If clients are struggling with the shift to remote work and looking for advice, MSPs should encourage them to eliminate functional differences between office and remote environments. Doing so allows workers to be more comfortable, productive, and secure. They can also help to ensure that employees can sit down in either environment and have the same applications, access, and communication channels at their disposal. Further, MSPs can help to facilitate employee preferences in this area as much as possible, and tell clients to do the same on their end: if employees need identical desk phones or office chairs at home to optimize their efficiency, so be it.
Implement a robust employee training regimen
Employee behavior remains the greatest threat to an organization’s security.
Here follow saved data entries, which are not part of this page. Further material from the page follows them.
lemma (in prob_space) AE_in_osc_interval:
  fixes f :: "'a \<Rightarrow> real"
  assumes f[measurable]: "f \<in> borel_measurable M" and bounded: "AE x in M. \<bar>f x\<bar> \<le> C"
  shows "\<exists>a. AE x in M. a \<le> f x \<and> f x \<le> a + osc_norm M f"
proof -
  have esssup_real: "\<exists>r. esssup M (\<lambda>x. ereal (g x)) = ereal r \<and> (AE x in M. g x \<le> r)"
    if [measurable]: "g \<in> borel_measurable M" and g_le: "AE x in M. g x \<le> C" for g :: "'a \<Rightarrow> real"
  proof -
    have below: "AE x in M. ereal (g x) \<le> esssup M (\<lambda>x. ereal (g x))"
      by (rule esssup_AE)
    have "esssup M (\<lambda>x. ereal (g x)) \<le> ereal C"
      using g_le by (intro esssup_I) auto
    moreover have "esssup M (\<lambda>x. ereal (g x)) \<noteq> -\<infinity>"
    proof
      assume "esssup M (\<lambda>x. ereal (g x)) = -\<infinity>"
      with below have "AE x in M. False" by simp
      then show False by (simp add: AE_False)
    qed
    ultimately obtain r where r: "esssup M (\<lambda>x. ereal (g x)) = ereal r"
      by (cases "esssup M (\<lambda>x. ereal (g x))") auto
    with below show ?thesis by auto
  qed
  have "AE x in M. f x \<le> C" "AE x in M. - f x \<le> C"
    using bounded by (eventually_elim, simp)+
  then obtain a b where
    a: "esssup M (\<lambda>x. ereal (f x)) = ereal a" "AE x in M. f x \<le> a" and
    b: "esssup M (\<lambda>x. ereal (- f x)) = ereal b" "AE x in M. - f x \<le> b"
    using esssup_real[of f] esssup_real[of "\<lambda>x. - f x"] by auto
  have "osc_norm M f = a + b"
    by (simp add: osc_norm_def a b)
  with a b have "AE x in M. - b \<le> f x \<and> f x \<le> - b + osc_norm M f"
    by (auto elim: AE_mp)
  then show ?thesis ..
qed

lemma nn_integral_ge_point_minorant:
  fixes G :: "'a \<Rightarrow> ennreal"
  assumes N: "finite_measure N" "sets N = sets M" and x: "x \<in> space M"
    and minorant: "\<forall>A\<in>sets M. e * indicator A x \<le> measure N A"
    and G[measurable]: "G \<in> borel_measurable M"
  shows "ennreal e * G x \<le> (\<integral>\<^sup>+y. G y \<partial>N)"
proof -
  define A where "A = {y\<in>space M. G x \<le> G y}"
  have A: "A \<in> sets M" unfolding A_def by measurable
  have "x \<in> A" using x by (simp add: A_def)
  then have "e \<le> measure N A"
    using minorant A by auto
  then have "ennreal e \<le> emeasure N A"
    using N by (simp add: finite_measure.emeasure_eq_measure)
  then have "ennreal e * G x \<le> G x * emeasure N A"
    by (subst mult.commute) (rule mult_left_mono, auto)
  also have "\<dots> = (\<integral>\<^sup>+y. G x * indicator A y \<partial>N)"
    using A N by (simp add: nn_integral_cmult_indicator)
  also have "\<dots> \<le> (\<integral>\<^sup>+y. G y \<partial>N)"
    by (intro nn_integral_mono) (auto simp: A_def split: split_indicator)
  finally show ?thesis .
qed

definition energy_density :: "('a \<Rightarrow> 'a measure) \<Rightarrow> ('a \<Rightarrow> real) \<Rightarrow> 'a \<Rightarrow> ennreal" where
  "energy_density T f x = (\<integral>\<^sup>+y. ennreal ((f y - f x)\<^sup>2) \<partial>T x)"

locale invariant_kernel = prob_space M for M :: "'a measure" +
  fixes T :: "'a \<Rightarrow> 'a measure"
  assumes kernel: "T \<in> M \<rightarrow>\<^sub>M prob_algebra M"
    and bind_invariant: "M \<bind> T = M"
begin

lemma subprob_kernel: "T \<in> M \<rightarrow>\<^sub>M subprob_algebra M"
  using kernel by (rule measurable_prob_algebraD)

lemma prob_space_kernel: "x \<in> space M \<Longrightarrow> prob_space (T x)"
  using measurable_space[OF kernel] by (simp add: space_prob_algebra)

lemma sets_kernel: "x \<in> space M \<Longrightarrow> sets (T x) = sets M"
  using measurable_space[OF kernel] by (simp add: space_prob_algebra)

lemma measurable_kernelI: "x \<in> space M \<Longrightarrow> f \<in> M \<rightarrow>\<^sub>M N \<Longrightarrow> f \<in> T x \<rightarrow>\<^sub>M N"
  using measurable_cong_sets[OF sets_kernel refl] by blast

lemma nn_integral_kernel_invariant:
  "g \<in> borel_measurable M \<Longrightarrow> (\<integral>\<^sup>+x. \<integral>\<^sup>+y. g y \<partial>T x \<partial>M) = (\<integral>\<^sup>+x. g x \<partial>M)"
  using nn_integral_bind[OF _ subprob_kernel, of g] bind_invariant by simp

lemma AE_kernel_invariant:
  "Measurable.pred M Q \<Longrightarrow> AE x in M. Q x \<Longrightarrow> AE x in M. AE y in T x. Q y"
proof -
  assume Q: "Measurable.pred M Q" and "AE x in M. Q x"
  then have "AE x in M \<bind> T. Q x" by (simp only: bind_invariant)
  then show ?thesis by (simp only: AE_bind[OF subprob_kernel Q])
qed

lemma measurable_nn_integral_kernel:
  "g \<in> borel_measurable M \<Longrightarrow> (\<lambda>x. \<integral>\<^sup>+y. g y \<partial>T x) \<in> borel_measurable M"
  by (rule measurable_compose[OF subprob_kernel nn_integral_measurable_subprob_algebra])

lemma measurable_kop: "g \<in> borel_measurable M \<Longrightarrow> kop T g \<in> borel_measurable M"
  unfolding kop_def by (rule measurable_compose[OF subprob_kernel integral_measurable_subprob_algebra])

lemma measurable_energy_density:
  assumes [measurable]: "f \<in> borel_measurable M"
  shows "energy_density T f \<in> borel_measurable M"
  unfolding energy_density_def
  by (rule nn_integral_measurable_subprob_algebra2[OF _ subprob_kernel]) measurable

lemma AE_integrable_kernel:
  fixes f :: "'a \<Rightarrow> real"
  assumes f[measurable]: "f \<in> borel_measurable M" and f2: "integrable M (\<lambda>x. (f x)\<^sup>2)"
  shows "AE x in M. integrable (T x) (\<lambda>y. (f y)\<^sup>2) \<and> integrable (T x) f"
proof -
  have "(\<integral>\<^sup>+x. \<integral>\<^sup>+y. ennreal ((f y)\<^sup>2) \<partial>T x \<partial>M) = (\<integral>\<^sup>+x. ennreal ((f x)\<^sup>2) \<partial>M)"
    by (rule nn_integral_kernel_invariant) measurable
  also have "\<dots> < \<infinity>"
    using f2 by (simp add: nn_integral_eq_integral)
  finally have "AE x in M. (\<integral>\<^sup>+y. ennreal ((f y)\<^sup>2) \<partial>T x) \<noteq> \<infinity>"
    by (intro nn_integral_PInf_AE measurable_nn_integral_kernel) auto
  then show ?thesis
  proof (rule AE_mp, intro AE_I2 impI)
    fix x assume x: "x \<in> space M" and fin: "(\<integral>\<^sup>+y. ennreal ((f y)\<^sup>2) \<partial>T x) \<noteq> \<infinity>"
    interpret Tx: prob_space "T x" using x by (rule prob_space_kernel)
    have [measurable]: "f \<in> borel_measurable (T x)" using x f by (rule measurable_kernelI)
    have "integrable (T x) (\<lambda>y. (f y)\<^sup>2)"
    proof (rule integrableI_nonneg)
      show "(\<integral>\<^sup>+y. ennreal ((f y)\<^sup>2) \<partial>T x) < \<infinity>"
        using fin by (simp add: less_top)
    qed auto
    moreover have "integrable (T x) f"
      using calculation by (rule Tx.square_integrable_imp_integrable[rotated]) measurable
    ultimately show "integrable (T x) (\<lambda>y. (f y)\<^sup>2) \<and> integrable (T x) f" ..
  qed
qed

lemma integrable_kop_nonneg:
  assumes g[measurable]: "g \<in> borel_measurable M" and g_nonneg: "\<And>x. 0 \<le> g x"
    and g_integrable: "integrable M g"
  shows "integrable M (kop T g)" and "(\<integral>x. kop T g x \<partial>M) = (\<integral>x. g x \<partial>M)"
proof -
  have kop_eq: "kop T g x = enn2real (\<integral>\<^sup>+y. ennreal (g y) \<partial>T x)" if "x \<in> space M" for x
    unfolding kop_def using that g_nonneg
    by (intro integral_eq_nn_integral measurable_kernelI g AE_I2) auto
  have "(\<integral>\<^sup>+x. \<integral>\<^sup>+y. ennreal (g y) \<partial>T x \<partial>M) = (\<integral>\<^sup>+x. ennreal (g x) \<partial>M)"
    by (rule nn_integral_kernel_invariant) measurable
  also have "\<dots> = ennreal (\<integral>x. g x \<partial>M)"
    using g_integrable g_nonneg by (intro nn_integral_eq_integral) auto
  finally have invariant:
    "(\<integral>\<^sup>+x. \<integral>\<^sup>+y. ennreal (g y) \<partial>T x \<partial>M) = ennreal (\<integral>x. g x \<partial>M)" .
  then have "AE x in M. (\<integral>\<^sup>+y. ennreal (g y) \<partial>T x) \<noteq> \<infinity>"
    by (intro nn_integral_PInf_AE measurable_nn_integral_kernel) auto
  with AE_space have "AE x in M. ennreal (kop T g x) = (\<integral>\<^sup>+y. ennreal (g y) \<partial>T x)"
    by eventually_elim (simp add: kop_eq less_top)
  then have "(\<integral>\<^sup>+x. ennreal (kop T g x) \<partial>M)
      = (\<integral>\<^sup>+x. \<integral>\<^sup>+y. ennreal (g y) \<partial>T x \<partial>M)"
    by (rule nn_integral_cong_AE)
  with invariant have "integrable M (kop T g) \<and> (\<integral>x. kop T g x \<partial>M) = (\<integral>x. g x \<partial>M)"
    using g_nonneg
    by (subst nn_integral_eq_integrable[symmetric])
      (auto intro!: measurable_kop AE_I2 integral_nonneg_AE simp: kop_def)
  then show "integrable M (kop T g)" and "(\<integral>x. kop T g x \<partial>M) = (\<integral>x. g x \<partial>M)"
    by auto
qed

lemma AE_kop_power2_le:
  fixes f :: "'a \<Rightarrow> real"
  assumes f: "f \<in> borel_measurable M" and f2: "integrable M (\<lambda>x. (f x)\<^sup>2)"
  shows "AE x in M. (kop T f x)\<^sup>2 \<le> kop T (\<lambda>y. (f y)\<^sup>2) x"
  using AE_integrable_kernel[OF f f2]
proof (rule AE_mp, intro AE_I2 impI)
  fix x assume "x \<in> space M" and "integrable (T x) (\<lambda>y. (f y)\<^sup>2) \<and> integrable (T x) f"
  then interpret Tx: prob_space "T x" by (auto intro: prob_space_kernel)
  have "0 \<le> (\<integral>y. (f y - kop T f x)\<^sup>2 \<partial>T x)"
    by (intro integral_nonneg_AE) auto
  also have "\<dots> = kop T (\<lambda>y. (f y)\<^sup>2) x - (kop T f x)\<^sup>2"
    using \<open>integrable (T x) _ \<and> _\<close>
    by (simp add: Tx.integral_power2_diff_const kop_def) (simp add: power2_eq_square)
  finally show "(kop T f x)\<^sup>2 \<le> kop T (\<lambda>y. (f y)\<^sup>2) x" by simp
qed

lemma AE_energy_density_eq:
  fixes f :: "'a \<Rightarrow> real"
  assumes f: "f \<in> borel_measurable M" and f2: "integrable M (\<lambda>x. (f x)\<^sup>2)"
  shows "AE x in M. energy_density T f x
    = ennreal (kop T (\<lambda>y. (f y)\<^sup>2) x - 2 * f x * kop T f x + (f x)\<^sup>2)"
  using AE_integrable_kernel[OF f f2]
proof (rule AE_mp, intro AE_I2 impI)
  fix x assume "x \<in> space M"
    and Tx_integrable: "integrable (T x) (\<lambda>y. (f y)\<^sup>2) \<and> integrable (T x) f"
  then interpret Tx: prob_space "T x" by (auto intro: prob_space_kernel)
  have "energy_density T f x = ennreal (\<integral>y. (f y - f x)\<^sup>2 \<partial>T x)"
    unfolding energy_density_def using Tx_integrable
    by (intro nn_integral_eq_integral) (auto intro: Tx.integral_power2_diff_const)
  then show "energy_density T f x
      = ennreal (kop T (\<lambda>y. (f y)\<^sup>2) x - 2 * f x * kop T f x + (f x)\<^sup>2)"
    using Tx_integrable by (simp add: Tx.integral_power2_diff_const kop_def)
qed

lemma integrable_mult_kop:
  fixes f :: "'a \<Rightarrow> real"
  assumes f[measurable]: "f \<in> borel_measurable M" and f2: "integrable M (\<lambda>x. (f x)\<^sup>2)"
  shows "integrable M (\<lambda>x. f x * kop T f x)"
proof (rule Bochner_Integration.integrable_bound)
  show "integrable M (\<lambda>x. (f x)\<^sup>2 + kop T (\<lambda>y. (f y)\<^sup>2) x)"
    using f2 by (intro Bochner_Integration.integrable_add integrable_kop_nonneg) auto
  show "(\<lambda>x. f x * kop T f x) \<in> borel_measurable M"
    using measurable_kop[OF f] by measurable
  show "AE x in M. norm (f x * kop T f x) \<le> norm ((f x)\<^sup>2 + kop T (\<lambda>y. (f y)\<^sup>2) x)"
    using AE_kop_power2_le[OF f f2]
  proof eventually_elim
    case (elim x)
    have "2 * \<bar>f x * kop T f x\<bar> \<le> (f x)\<^sup>2 + (kop T f x)\<^sup>2"
      using sum_squares_bound[of "\<bar>f x\<bar>" "\<bar>kop T f x\<bar>"] by (simp add: abs_mult)
    then have "\<bar>f x * kop T f x\<bar> \<le> (f x)\<^sup>2 + (kop T f x)\<^sup>2" by simp
    with elim show ?case by simp
  qed
qed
While it’s crucial for MSPs to have all the right security tools in place, there are only so many dangerous URLs that can be can blocked, and only so many protective limitations that can be imposed. If a client’s employee clicks a link in an attacker’s email and downloads a malicious file that exploits a zero-day issue, the best security can’t help anymore. To avoid such scenarios, the client’s team needs to be a human firewall.
Achieving this means implementing effective employee training. There are services and tools out there, like HIPAA Secure Now, that can provide feature security awareness training modules which employees must complete throughout the year. After training employees to recognize phishing emails, many solutions will then regularly test employees with simulated phishing attacks. Those who fail a test go back for additional training. Programs like these certainly yield results, and make employees very aware of what they’re clicking.
Lastly, MSPs supporting healthcare businesses must stay on top of the latest security trends (such as the specific ransomware threats that are being reported), and have a solid disaster recovery plan at the ready in case the worst happens.